All good points you make here.  However, I doubt that there will be a real standard for GPUs unless AMD/ATI goes out of business.  Considering how much more powerful GPUs get with every generation, I'm going to guess that sooner or later, a $200 GPU will be sufficiently powerful for significant performance improvement, and then Adobe might start to require one in a target system.  

Today Adobe recommends 12 GB for Lightroom, but an awful lot of laptops are sold with only 4 or 8 GB.  We are currently shopping for a laptop for my wife and for her needs, which do not include LR, a machine with 8 GB of RAM and 256 of SSD storage is more than adequate.  So if you want to use a laptop for Lightroom, you should look for machines with 16 GB (or more).  They will cost easily $300 and maybe $500 more than the machine my wife will be buying.


----------



## Linwood Ferguson (May 7, 2019)

PhilBurton said:


> They will cost easily $300 and maybe $500 more than the machine my wife will be buying.



So what percentage is $300 of all the camera equipment, lenses, bags, tripods, and similar you own.


----------



## PhilBurton (May 8, 2019)

Ferguson said:


> So what percentage is $300 of all the camera equipment, lenses, bags, tripods, and similar you own.

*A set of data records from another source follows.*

text \<open>The quotient \<open>(G \<times> H')/L'\<close> is a continuous image of the compact \<open>(G \<times> H)/L\<close>: every coset of
  \<open>L'\<close> meets \<open>G \<times> H \<times> {0}\<close>.\<close>

lemma cocompact_L':
  "\<exists>Q :: ('g \<times> 'h \<times> int) set topology.
     quotient_map (prod_topology TG E.T') Q (\<lambda>z. L' #>\<^bsub>G \<times>\<times> E.H'\<^esub> z) \<and> compact_space Q"
proof -
  obtain Q :: "('g \<times> 'h) set topology"
    where Q: "quotient_map (prod_topology TG TH) Q (\<lambda>z. L #>\<^bsub>G \<times>\<times> H\<^esub> z)" "compact_space Q"
    using lattice_L by (auto simp: is_lattice_def)
  define e where "e = (\<lambda>z :: 'g \<times> 'h. (fst z, (snd z, 0 :: int)))"
  define f' where "f' = (\<lambda>z. L' #>\<^bsub>G \<times>\<times> E.H'\<^esub> z)"
  have group_GH': "group (G \<times>\<times> E.H')"
    by (simp add: DirProd_group G.is_group E.H'.is_group)
  have hom: "group_hom (G \<times>\<times> H) (G \<times>\<times> E.H') e"
    unfolding group_hom_def group_hom_axioms_def
    by (auto intro!: homI DirProd_group G.is_group H.is_group group_GH'
        simp: e_def E.carrier_ext_group E.mult_ext_group E.ext_norm_id)
  have eL: "e ` L \<subseteq> L'"
    using L'_residueI[OF _ zero_in_int_residues] L_carrier by (force simp: e_def)
  have topspace_GH: "topspace (prod_topology TG TH) = carrier (G \<times>\<times> H)"
    using lca_group_topspace[OF lca_G] lca_group_topspace[OF lca_H] by simp
  have "continuous_map (prod_topology TG TH) (prod_topology TG E.T') e"
    unfolding e_def ext_topology_def by (auto intro!: continuous_map_pairedI continuous_map_fst continuous_map_snd)
  moreover have "f' (e u) = f' (e v)"
    if "u \<in> topspace (prod_topology TG TH)" "v \<in> topspace (prod_topology TG TH)"
      and "L #>\<^bsub>G \<times>\<times> H\<^esub> u = L #>\<^bsub>G \<times>\<times> H\<^esub> v" for u v
    using hom_rcos_eq[OF hom subgroup_L subgroup_L' eL] that unfolding topspace_GH f'_def by blast
  moreover have "topspace (quotient_topology (prod_topology TG E.T') f') \<subseteq> f' ` e ` topspace (prod_topology TG TH)"
  proof
    fix q assume "q \<in> topspace (quotient_topology (prod_topology TG E.T') f')"
    then obtain g h r where w: "(g, (h, r)) \<in> carrier (G \<times>\<times> E.H')" and q: "q = f' (g, (h, r))"
      using lca_group_topspace[OF lca_G] E.topspace_ext_topology
      by (auto simp: topspace_quotient_topology ext_topology_def E.carrier_ext_group)
    define l where "l = (a [^] (- r) \<otimes> \<one>, ext_norm H c k (\<one>\<^bsub>H\<^esub>, - r))"
    have l: "l \<in> L'" unfolding l_def by (rule L'I[OF one_in_L])
    have "l \<otimes>\<^bsub>G \<times>\<times> E.H'\<^esub> (g, (h, r)) = e (a [^] (- r) \<otimes> g, h)"
      using w E.ext_norm_mult[of "\<one>\<^bsub>H\<^esub>" h "- r" r]
      by (simp add: l_def e_def E.carrier_ext_group E.ext_norm_id)
    moreover have "f' (l \<otimes>\<^bsub>G \<times>\<times> E.H'\<^esub> (g, (h, r))) = (L' #>\<^bsub>G \<times>\<times> E.H'\<^esub> l) #>\<^bsub>G \<times>\<times> E.H'\<^esub> (g, (h, r))"
      unfolding f'_def
      by (rule group.coset_mult_assoc[OF group_GH' subgroup.subset[OF subgroup_L'] subgroup.mem_carrier[OF subgroup_L' l] w, symmetric])
    ultimately have "q = f' (e (a [^] (- r) \<otimes> g, h))"
      using subgroup.rcos_const[OF subgroup_L' group_GH' l] by (simp add: f'_def q)
    moreover have "(a [^] (- r) \<otimes> g, h) \<in> topspace (prod_topology TG TH)"
      using w lca_group_topspace[OF lca_G] lca_group_topspace[OF lca_H] by (simp add: E.carrier_ext_group)
    ultimately show "q \<in> f' ` e ` topspace (prod_topology TG TH)"
      by blast
  qed
  ultimately have "compact_space (quotient_topology (prod_topology TG E.T') f')"
    by (intro compact_space_quotient_map_factor[OF Q(1) Q(2) quotient_map_quotient_topology])
  then show ?thesis
    using quotient_map_quotient_topology unfolding f'_def by blast
qed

If I count it all up, $300 is just a small percentage.  That's rational thinking.  But prices can also be very "emotional," as in, "How much am I planning to spend on this new (or upgraded) computer?"  Or, "I can't spend more than $1500 total on this new computer., because my significant other will think I'm being extravagent."  If you look at the Puget Sound computer website, their Lightroom workstations cost a lot more than $1500.


----------